> _PROBLEM_: If a line in the data contains "that", copy it out.

> _PROVIDED MATERIAL_:
lemma hom_poly_pdxi_Basis:
  assumes "hom_poly k S" "b \<in> Basis"
  shows "hom_poly (k - 1) (pdxi b S)"
proof -
  obtain E c where rep: "finite E" "\<And>e. e \<in> E \<Longrightarrow> sum e Basis = k"
    "\<And>e. e \<in> E \<Longrightarrow> smooth_fun (c e)" "S = (\<lambda>x \<xi>. \<Sum>e\<in>E. c e x * monomial e \<xi>)"
    using hom_polyE[OF assms(1)] by blast
  have "hom_poly (k - 1) (\<lambda>x \<xi>. (of_nat (e b) * c e x) * monomial (e(b := e b - 1)) \<xi>)"
    if "e \<in> E" for e
  proof (cases "e b = 0")
    case False
    then have "sum (e(b := e b - 1)) Basis = k - 1"
      using rep(2)[OF that] assms(2) by (simp add: sum.remove)
    then show ?thesis
      using rep(3)[OF that] by (intro hom_poly_monomial smooth_fun_mult smooth_fun_const)
  qed (use hom_poly_zero in \<open>simp add: zero_fun_def\<close>)
  then have "hom_poly (k - 1) (\<lambda>x \<xi>. \<Sum>e\<in>E. (of_nat (e b) * c e x) * monomial (e(b := e b - 1)) \<xi>)"
    by (rule hom_poly_sum[OF rep(1)])
  moreover have "pdxi b S = (\<lambda>x \<xi>. \<Sum>e\<in>E. (of_nat (e b) * c e x) * monomial (e(b := e b - 1)) \<xi>)"
    unfolding rep(4) pdxi_monomial_sum monomial_deriv_Basis[OF assms(2)] by (intro ext sum.cong) auto
  ultimately show ?thesis by simp
qed

lemma pdx_pdxi_commute:
  assumes "hom_poly k S"
  shows "pdx v (pdxi w S) x \<xi> = pdxi w (pdx v S) x \<xi>"
proof -
  obtain E c where rep: "finite E" "\<And>e. e \<in> E \<Longrightarrow> sum e Basis = k"
    "\<And>e. e \<in> E \<Longrightarrow> smooth_fun (c e)" "S = (\<lambda>x \<xi>. \<Sum>e\<in>E. c e x * monomial e \<xi>)"
    using hom_polyE[OF assms] by blast
  have "pdxi w S = (\<lambda>x \<xi>. \<Sum>e\<in>E. c e x * monomial_deriv e \<xi> w)"
    unfolding rep(4) by (intro ext pdxi_monomial_sum)
  moreover have "pdx v S = (\<lambda>x \<xi>. \<Sum>e\<in>E. frechet_derivative (c e) (at x) v * monomial e \<xi>)"
    unfolding rep(4) by (intro ext pdx_coeff_sum rep(3))
  moreover have "pdx v (\<lambda>x \<xi>. \<Sum>e\<in>E. c e x * monomial_deriv e \<xi> w) x \<xi> =
      (\<Sum>e\<in>E. frechet_derivative (c e) (at x) v * monomial_deriv e \<xi> w)"
    using pdx_coeff_sum[where g = "\<lambda>e \<xi>. monomial_deriv e \<xi> w", OF rep(3)] by simp
  ultimately show ?thesis
    by (simp add: pdxi_monomial_sum)
qed

lemma hom_poly_euler:
  assumes "hom_poly k S"
  shows "pdxi \<xi> S x \<xi> = real k * S x \<xi>"
proof -
  obtain E c where rep: "finite E" "\<And>e. e \<in> E \<Longrightarrow> sum e Basis = k"
    "\<And>e. e \<in> E \<Longrightarrow> smooth_fun (c e)" "S = (\<lambda>x \<xi>. \<Sum>e\<in>E. c e x * monomial e \<xi>)"
    using hom_polyE[OF assms] by blast
  show ?thesis
    unfolding rep(4) pdxi_monomial_sum monomial_deriv_self
    by (simp add: sum_distrib_left rep(2) algebra_simps cong: sum.cong)
qed

lemma hom_poly_0_pdxi_Basis:
  assumes "hom_poly 0 S" "b \<in> Basis"
  shows "pdxi b S x \<xi> = 0"
proof -
  obtain E c where rep: "finite E" "\<And>e. e \<in> E \<Longrightarrow> sum e Basis = 0"
    "\<And>e. e \<in> E \<Longrightarrow> smooth_fun (c e)" "S = (\<lambda>x \<xi>. \<Sum>e\<in>E. c e x * monomial e \<xi>)"
    using hom_polyE[OF assms(1)] by blast
  have "e b = 0" if "e \<in> E" for e
    using rep(2)[OF that] assms(2) by (simp add: sum.remove)
  then show ?thesis
    unfolding rep(4) pdxi_monomial_sum monomial_deriv_Basis[OF assms(2)] by (intro sum.neutral) simp
qed

lemma dq_Basis: "dq i \<in> Basis"
  by (auto simp: dq_def Basis_prod_def Basis_vec_def zero_prod_def)

lemma dp_Basis: "dp i \<in> Basis"
  unfolding dp_def Basis_prod_def zero_prod_def[symmetric]
  by (intro UnI2 imageI UnI1) (auto simp: Basis_vec_def)

lemma dt_Basis: "dt \<in> Basis"
  unfolding dt_def Basis_prod_def by (intro UnI2 imageI) simp

lemma qc_inner: "qc \<xi> i = \<xi> \<bullet> dq i"
  by (simp add: qc_def dq_def inner_prod_def inner_axis)

lemma pc_inner: "pc \<xi> i = \<xi> \<bullet> dp i"
  by (simp add: pc_def dp_def inner_prod_def inner_axis)

lemma tc_inner: "tc \<xi> = \<xi> \<bullet> dt"
  by (simp add: tc_def dt_def inner_prod_def)

lemma coords_linear [simp]:
  "qc (a + b) i = qc a i + qc b i" "pc (a + b) i = pc a i + pc b i" "tc (a + b) = tc a + tc b"
  "qc (c *\<^sub>R a) i = c * qc a i" "pc (c *\<^sub>R a) i = c * pc a i" "tc (c *\<^sub>R a) = c * tc a"
  "qc 0 i = 0" "pc 0 i = 0" "tc 0 = 0"
  by (simp_all add: qc_def pc_def tc_def)

lemma pt_eqI:
  fixes a b :: "'n::finite pt"
  assumes "\<And>i. qc a i = qc b i" "\<And>i. pc a i = pc b i" "tc a = tc b"
  shows "a = b"
  using assms by (cases a, cases b) (auto simp: qc_def pc_def tc_def vec_eq_iff)

lemma pt_decomp:
  fixes z :: "'n::finite pt"
  shows "z = (\<Sum>i\<in>UNIV. qc z i *\<^sub>R dq i + pc z i *\<^sub>R dp i) + tc z *\<^sub>R dt"
proof -
  obtain a b c where z: "z = (a, b, c)" by (cases z) auto
  have axis_sum: "(\<Sum>i\<in>UNIV. (v $ i) *\<^sub>R axis i (1::real)) = v" for v :: "real^'n"
    by (simp add: vec_eq_iff axis_def if_distrib cong: if_cong)
  show ?thesis
    unfolding z
    by (simp add: qc_def pc_def tc_def dq_def dp_def dt_def prod_eq_iff fst_sum snd_sum axis_sum)
qed

lemma linear_coords_expand:
  fixes L :: "'n::finite pt \<Rightarrow> real"
  assumes "linear L"
  shows "L z = (\<Sum>i\<in>UNIV. qc z i * L (dq i) + pc z i * L (dp i)) + tc z * L dt"
  by (subst pt_decomp[of z]) (simp add: assms linear_add linear_sum linear_cmul)

lemma pdx_expand:
  "hom_poly k T \<Longrightarrow>
    pdx z T x \<xi> =
      (\<Sum>i\<in>UNIV. qc z i * pdx (dq i) T x \<xi> + pc z i * pdx (dp i) T x \<xi>) + tc z * pdx dt T x \<xi>"
  by (rule linear_coords_expand[OF linear_pdx])

lemma pdxi_expand:
  "hom_poly k T \<Longrightarrow>
    pdxi z T x \<xi> =
      (\<Sum>i\<in>UNIV. qc z i * pdxi (dq i) T x \<xi> + pc z i * pdxi (dp i) T x \<xi>) + tc z * pdxi dt T x \<xi>"
  by (rule linear_coords_expand[OF linear_pdxi])

lemma hom_poly_pdxi:
  fixes S :: "'n::finite pt \<Rightarrow> 'n pt \<Rightarrow> real"
  assumes "hom_poly k S"
  shows "hom_poly (k - 1) (pdxi w S)"
proof -
  have "hom_poly (k - 1) (\<lambda>x \<xi>. (\<Sum>i\<in>UNIV. qc w i * pdxi (dq i) S x \<xi> + pc w i * pdxi (dp i) S x \<xi>)
      + tc w * pdxi dt S x \<xi>)"
    by (intro hom_poly_add hom_poly_sum hom_poly_scale hom_poly_pdxi_Basis[OF assms]
        dq_Basis dp_Basis dt_Basis finite)
  moreover have "pdxi w S = (\<lambda>x \<xi>. (\<Sum>i\<in>UNIV. qc w i * pdxi (dq i) S x \<xi> + pc w i * pdxi (dp i) S x \<xi>)
      + tc w * pdxi dt S x \<xi>)"
    by (intro ext pdxi_expand[OF assms])
  ultimately show ?thesis by simp
qed

lemma bounded_linear_coords:
  "bounded_linear (\<lambda>\<xi>. qc \<xi> i)" "bounded_linear (\<lambda>\<xi>. pc \<xi> i)" "bounded_linear tc"
  unfolding qc_inner pc_inner tc_inner[abs_def] by (rule bounded_linear_inner_left)+

lemma has_derivative_coords:
  "((\<lambda>\<xi>. qc \<xi> i) has_derivative (\<lambda>w. qc w i)) F"
  "((\<lambda>\<xi>. pc \<xi> i) has_derivative (\<lambda>w. pc w i)) F"
  "(tc has_derivative tc) F"
  by (rule bounded_linear_imp_has_derivative[OF bounded_linear_coords(1)]
      bounded_linear_imp_has_derivative[OF bounded_linear_coords(2)]
      bounded_linear_imp_has_derivative[OF bounded_linear_coords(3)])+

lemma smooth_fun_coords: "smooth_fun (\<lambda>x. qc x i)" "smooth_fun (\<lambda>x. pc x i)"
  by (rule smooth_fun_bounded_linear[OF bounded_linear_coords(1)]
      smooth_fun_bounded_linear[OF bounded_linear_coords(2)])+

lemma hom_poly_mult_coords:
  assumes "hom_poly k T"
  shows "hom_poly (Suc k) (\<lambda>x \<xi>. qc \<xi> i * T x \<xi>)" "hom_poly (Suc k) (\<lambda>x \<xi>. pc \<xi> i * T x \<xi>)"
    "hom_poly (Suc k) (\<lambda>x \<xi>. tc \<xi> * T x \<xi>)"
  unfolding qc_inner pc_inner tc_inner
  by (rule hom_poly_mult_coord[OF assms dq_Basis] hom_poly_mult_coord[OF assms dp_Basis]
      hom_poly_mult_coord[OF assms dt_Basis])+

section \<open>The commutator of i(alpha) and X\<close>

lemma hom_poly_ialpha:
  assumes "hom_poly k S"
  shows "hom_poly (k - 1) (ialpha S)"
  unfolding ialpha_def
  by (intro hom_poly_scale hom_poly_diff hom_poly_sum hom_poly_mult_smooth smooth_fun_coords
      hom_poly_pdxi_Basis[OF assms] dq_Basis dp_Basis dt_Basis finite)

lemma hom_poly_Dop:
  assumes "hom_poly k S"
  shows "hom_poly (Suc k) (Dop S)"
proof -
  have "Dop S = (\<lambda>x \<xi>. (\<Sum>i\<in>UNIV. qc \<xi> i * pdx (dp i) S x \<xi> - pc \<xi> i * pdx (dq i) S x \<xi>)
     + tc \<xi> * Es S x \<xi>
     - (\<Sum>i\<in>UNIV. pc x i * (pc \<xi> i * pdx dt S x \<xi>) + qc x i * (qc \<xi> i * pdx dt S x \<xi>)))"
    unfolding Dop_def Es_xi_def by (intro ext) (simp add: sum_distrib_left sum_distrib_right algebra_simps)
  moreover have "hom_poly k (Es S)"
    unfolding Es_def
    by (intro hom_poly_add hom_poly_sum hom_poly_mult_smooth smooth_fun_coords hom_poly_pdx[OF assms]
        finite)
  ultimately show ?thesis
    by (simp only:) (intro hom_poly_add hom_poly_diff hom_poly_sum hom_poly_mult_smooth
        hom_poly_mult_coords smooth_fun_coords hom_poly_pdx[OF assms] finite)
qed

lemma hom_poly_Xop:
  assumes "hom_poly k S"
  shows "hom_poly (Suc k) (Xop \<delta> k S)"
  unfolding Xop_def mult.assoc
  by (intro hom_poly_add hom_poly_scale hom_poly_Dop hom_poly_mult_coords assms)

lemma pdx_linear:
  assumes "hom_poly j S" "hom_poly j' T"
  shows "pdx v (a *\<^sub>R S + b *\<^sub>R T) x \<xi> = a * pdx v S x \<xi> + b * pdx v T x \<xi>"
proof -
  have "((\<lambda>y. a * S y \<xi> + b * T y \<xi>) has_derivative
      (\<lambda>v. a * pdx v S x \<xi> + b * pdx v T x \<xi>)) (at x)"
    by (intro has_derivative_add has_derivative_mult_right hom_poly_has_derivative_x[OF assms(1)]
        hom_poly_has_derivative_x[OF assms(2)])
  then show ?thesis
    unfolding pdx_def by (simp add: frechet_derivative_apply)
qed

lemma pdxi_linear:
  assumes "hom_poly j S" "hom_poly j' T"
  shows "pdxi w (a *\<^sub>R S + b *\<^sub>R T) x \<xi> = a * pdxi w S x \<xi> + b * pdxi w T x \<xi>"
proof -
  have "((\<lambda>\<eta>. a * S x \<eta> + b * T x \<eta>) has_derivative
      (\<lambda>w. a * pdxi w S x \<xi> + b * pdxi w T x \<xi>)) (at \<xi>)"
    by (intro has_derivative_add has_derivative_mult_right hom_poly_has_derivative_xi[OF assms(1)]
        hom_poly_has_derivative_xi[OF assms(2)])
  moreover have "(a *\<^sub>R S + b *\<^sub>R T) x = (\<lambda>\<eta>. a * S x \<eta> + b * T x \<eta>)"
    by (simp add: fun_eq_iff)
  ultimately show ?thesis
    unfolding pdxi_def[of w "a *\<^sub>R S + b *\<^sub>R T"] by (simp only: frechet_derivative_apply)
qed

lemma ialpha_linear:
  assumes "hom_poly j S" "hom_poly j' T"
  shows "ialpha (a *\<^sub>R S + b *\<^sub>R T) = a *\<^sub>R ialpha S + b *\<^sub>R ialpha T"
  unfolding ialpha_def
  by (simp add: fun_eq_iff pdxi_linear[OF assms] algebra_simps sum.distrib sum_distrib_left sum_subtractf)

lemma Xop_linear:
  assumes "hom_poly j S" "hom_poly j' T"
  shows "Xop \<delta> k (a *\<^sub>R S + b *\<^sub>R T) = a *\<^sub>R Xop \<delta> k S + b *\<^sub>R Xop \<delta> k T"
  unfolding Xop_def Dop_def Es_def
  by (simp add: fun_eq_iff pdx_linear[OF assms] algebra_simps sum.distrib sum_distrib_left sum_subtractf)

definition Dop_dir :: "'n::finite pt \<Rightarrow> 'n pt \<Rightarrow> 'n pt" where
  "Dop_dir x \<eta> =
    (\<chi> i. tc \<eta> * qc x i - pc \<eta> i, \<chi> i. qc \<eta> i + tc \<eta> * pc x i, - Es_xi x \<eta>)"

definition ialpha_dir :: "'n::finite pt \<Rightarrow> 'n pt" where
  "ialpha_dir x = (\<chi> i. pc x i, \<chi> i. - qc x i, -1)"

(* ialpha_dir is affine in x; this is its linear part. *)
definition ialpha_dir_deriv :: "'n::finite pt \<Rightarrow> 'n pt" where
  "ialpha_dir_deriv v = (\<chi> i. pc v i, \<chi> i. - qc v i, 0)"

> _ANSWER SECTION_:
      using rep(2)[OF that] assms(2) by (simp add: sum.remove)
      using rep(3)[OF that] by (intro hom_poly_monomial smooth_fun_mult smooth_fun_const)
    using rep(2)[OF that] assms(2) by (simp add: sum.remove)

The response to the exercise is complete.